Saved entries
......

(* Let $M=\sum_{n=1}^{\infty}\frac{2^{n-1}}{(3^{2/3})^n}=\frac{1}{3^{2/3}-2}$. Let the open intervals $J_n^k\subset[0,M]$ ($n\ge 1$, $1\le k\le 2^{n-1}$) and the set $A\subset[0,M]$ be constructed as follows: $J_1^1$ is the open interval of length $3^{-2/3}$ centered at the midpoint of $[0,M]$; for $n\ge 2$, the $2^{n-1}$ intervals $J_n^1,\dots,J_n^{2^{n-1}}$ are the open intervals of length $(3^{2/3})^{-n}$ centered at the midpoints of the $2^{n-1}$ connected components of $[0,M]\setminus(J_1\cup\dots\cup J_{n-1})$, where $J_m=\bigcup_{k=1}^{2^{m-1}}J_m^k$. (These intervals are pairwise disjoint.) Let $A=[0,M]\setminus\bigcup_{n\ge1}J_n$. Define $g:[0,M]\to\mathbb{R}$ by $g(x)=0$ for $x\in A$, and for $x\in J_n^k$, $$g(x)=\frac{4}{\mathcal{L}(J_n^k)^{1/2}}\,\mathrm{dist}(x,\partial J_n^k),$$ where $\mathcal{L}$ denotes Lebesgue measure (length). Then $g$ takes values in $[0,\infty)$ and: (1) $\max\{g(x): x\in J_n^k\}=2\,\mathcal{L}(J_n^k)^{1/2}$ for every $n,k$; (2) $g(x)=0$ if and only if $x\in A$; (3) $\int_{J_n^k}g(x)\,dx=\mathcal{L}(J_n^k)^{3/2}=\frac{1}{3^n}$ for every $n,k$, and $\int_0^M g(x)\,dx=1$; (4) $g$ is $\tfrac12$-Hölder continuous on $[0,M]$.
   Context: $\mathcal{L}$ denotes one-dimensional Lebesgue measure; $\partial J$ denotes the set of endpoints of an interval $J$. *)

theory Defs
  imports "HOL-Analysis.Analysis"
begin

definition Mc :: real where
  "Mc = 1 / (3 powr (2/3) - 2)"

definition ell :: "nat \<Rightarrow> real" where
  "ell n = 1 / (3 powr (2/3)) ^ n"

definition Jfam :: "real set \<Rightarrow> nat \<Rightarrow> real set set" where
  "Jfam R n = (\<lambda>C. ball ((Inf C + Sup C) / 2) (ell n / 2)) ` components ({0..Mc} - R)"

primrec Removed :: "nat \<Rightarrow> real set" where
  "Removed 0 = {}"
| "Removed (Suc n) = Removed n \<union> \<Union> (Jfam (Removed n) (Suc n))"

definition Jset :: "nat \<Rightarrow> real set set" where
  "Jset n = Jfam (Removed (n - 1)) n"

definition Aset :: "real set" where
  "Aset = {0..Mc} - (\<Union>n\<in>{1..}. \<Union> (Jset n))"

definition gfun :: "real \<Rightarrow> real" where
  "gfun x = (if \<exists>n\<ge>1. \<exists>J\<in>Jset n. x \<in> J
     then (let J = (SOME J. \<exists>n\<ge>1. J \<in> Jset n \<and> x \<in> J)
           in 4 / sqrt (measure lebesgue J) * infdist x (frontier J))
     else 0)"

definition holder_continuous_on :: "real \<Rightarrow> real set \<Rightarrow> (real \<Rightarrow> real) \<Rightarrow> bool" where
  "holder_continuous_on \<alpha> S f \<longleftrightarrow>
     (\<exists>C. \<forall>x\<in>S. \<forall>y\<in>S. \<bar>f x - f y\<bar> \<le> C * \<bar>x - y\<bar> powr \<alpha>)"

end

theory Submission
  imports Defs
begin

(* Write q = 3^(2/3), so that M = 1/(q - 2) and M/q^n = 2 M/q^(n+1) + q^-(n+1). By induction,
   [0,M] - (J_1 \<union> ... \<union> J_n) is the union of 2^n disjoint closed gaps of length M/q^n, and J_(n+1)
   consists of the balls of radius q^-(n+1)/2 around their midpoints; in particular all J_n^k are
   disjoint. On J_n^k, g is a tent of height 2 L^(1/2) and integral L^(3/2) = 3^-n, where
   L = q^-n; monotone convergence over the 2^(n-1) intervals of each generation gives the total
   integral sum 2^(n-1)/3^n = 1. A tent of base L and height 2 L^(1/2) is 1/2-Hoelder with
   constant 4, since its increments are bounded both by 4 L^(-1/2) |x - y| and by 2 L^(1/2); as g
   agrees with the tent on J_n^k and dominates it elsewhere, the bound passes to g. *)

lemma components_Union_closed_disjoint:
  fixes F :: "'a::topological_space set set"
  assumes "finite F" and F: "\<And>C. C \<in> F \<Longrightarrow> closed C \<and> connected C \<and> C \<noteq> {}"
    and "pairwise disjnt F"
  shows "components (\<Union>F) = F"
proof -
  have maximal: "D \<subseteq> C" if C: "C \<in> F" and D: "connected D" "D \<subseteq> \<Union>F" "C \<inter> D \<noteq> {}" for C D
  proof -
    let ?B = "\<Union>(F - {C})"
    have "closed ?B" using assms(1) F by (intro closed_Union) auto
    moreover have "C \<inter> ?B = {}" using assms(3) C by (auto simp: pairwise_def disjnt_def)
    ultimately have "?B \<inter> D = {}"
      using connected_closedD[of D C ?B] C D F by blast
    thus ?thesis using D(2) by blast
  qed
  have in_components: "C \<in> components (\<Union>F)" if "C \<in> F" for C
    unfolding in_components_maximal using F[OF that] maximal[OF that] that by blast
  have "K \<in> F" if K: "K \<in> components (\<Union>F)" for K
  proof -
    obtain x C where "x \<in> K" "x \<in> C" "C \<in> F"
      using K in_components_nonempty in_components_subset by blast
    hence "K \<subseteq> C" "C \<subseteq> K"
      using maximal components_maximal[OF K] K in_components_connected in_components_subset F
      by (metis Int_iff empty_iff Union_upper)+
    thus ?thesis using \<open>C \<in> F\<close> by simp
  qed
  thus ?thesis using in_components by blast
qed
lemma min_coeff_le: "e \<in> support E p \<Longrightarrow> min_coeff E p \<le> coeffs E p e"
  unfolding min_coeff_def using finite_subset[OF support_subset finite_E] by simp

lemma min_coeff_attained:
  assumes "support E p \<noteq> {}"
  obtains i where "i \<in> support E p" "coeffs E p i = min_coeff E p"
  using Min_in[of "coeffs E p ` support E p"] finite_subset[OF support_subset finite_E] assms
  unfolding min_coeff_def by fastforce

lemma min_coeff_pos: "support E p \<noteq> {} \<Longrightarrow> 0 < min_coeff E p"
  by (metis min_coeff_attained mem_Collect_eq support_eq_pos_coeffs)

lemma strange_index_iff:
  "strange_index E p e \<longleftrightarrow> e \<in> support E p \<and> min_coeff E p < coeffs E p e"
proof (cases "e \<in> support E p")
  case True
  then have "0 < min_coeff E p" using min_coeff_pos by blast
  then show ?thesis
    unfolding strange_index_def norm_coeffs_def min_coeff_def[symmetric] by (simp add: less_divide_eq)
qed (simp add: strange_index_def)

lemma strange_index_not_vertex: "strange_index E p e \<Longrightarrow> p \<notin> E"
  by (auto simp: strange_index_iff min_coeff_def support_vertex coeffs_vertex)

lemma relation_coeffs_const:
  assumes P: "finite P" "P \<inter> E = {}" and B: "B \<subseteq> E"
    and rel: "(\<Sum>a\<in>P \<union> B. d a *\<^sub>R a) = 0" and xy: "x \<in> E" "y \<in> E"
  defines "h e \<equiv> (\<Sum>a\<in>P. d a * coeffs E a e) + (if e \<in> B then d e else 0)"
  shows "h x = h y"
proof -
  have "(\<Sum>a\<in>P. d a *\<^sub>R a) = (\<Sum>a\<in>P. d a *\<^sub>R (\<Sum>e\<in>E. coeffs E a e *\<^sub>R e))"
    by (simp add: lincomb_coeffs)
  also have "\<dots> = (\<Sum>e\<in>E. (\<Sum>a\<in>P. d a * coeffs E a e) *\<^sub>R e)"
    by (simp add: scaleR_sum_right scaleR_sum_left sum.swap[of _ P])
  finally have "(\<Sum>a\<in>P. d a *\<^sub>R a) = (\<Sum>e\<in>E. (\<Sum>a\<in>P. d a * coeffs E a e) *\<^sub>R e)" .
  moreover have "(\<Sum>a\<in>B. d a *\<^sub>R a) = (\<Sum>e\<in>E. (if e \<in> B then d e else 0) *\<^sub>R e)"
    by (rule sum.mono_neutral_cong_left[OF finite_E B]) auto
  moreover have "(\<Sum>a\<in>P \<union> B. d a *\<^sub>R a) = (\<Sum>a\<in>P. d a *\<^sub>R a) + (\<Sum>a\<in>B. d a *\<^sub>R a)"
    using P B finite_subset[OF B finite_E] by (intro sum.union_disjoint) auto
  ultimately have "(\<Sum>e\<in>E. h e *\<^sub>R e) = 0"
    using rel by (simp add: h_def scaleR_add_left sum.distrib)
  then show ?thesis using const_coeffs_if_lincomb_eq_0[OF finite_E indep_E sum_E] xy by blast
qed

......

WORK TO COMPLETE
Print exactly the lines above from the one with "min_coeff_pos by blast" to the one with "qed (simp add: strange_index_def)", including both.

ANSWER
  then have "0 < min_coeff E p" using min_coeff_pos by blast
  then show ?thesis
    unfolding strange_index_def norm_coeffs_def min_coeff_def[symmetric] by (simp add: less_divide_eq)
qed (simp add: strange_index_def)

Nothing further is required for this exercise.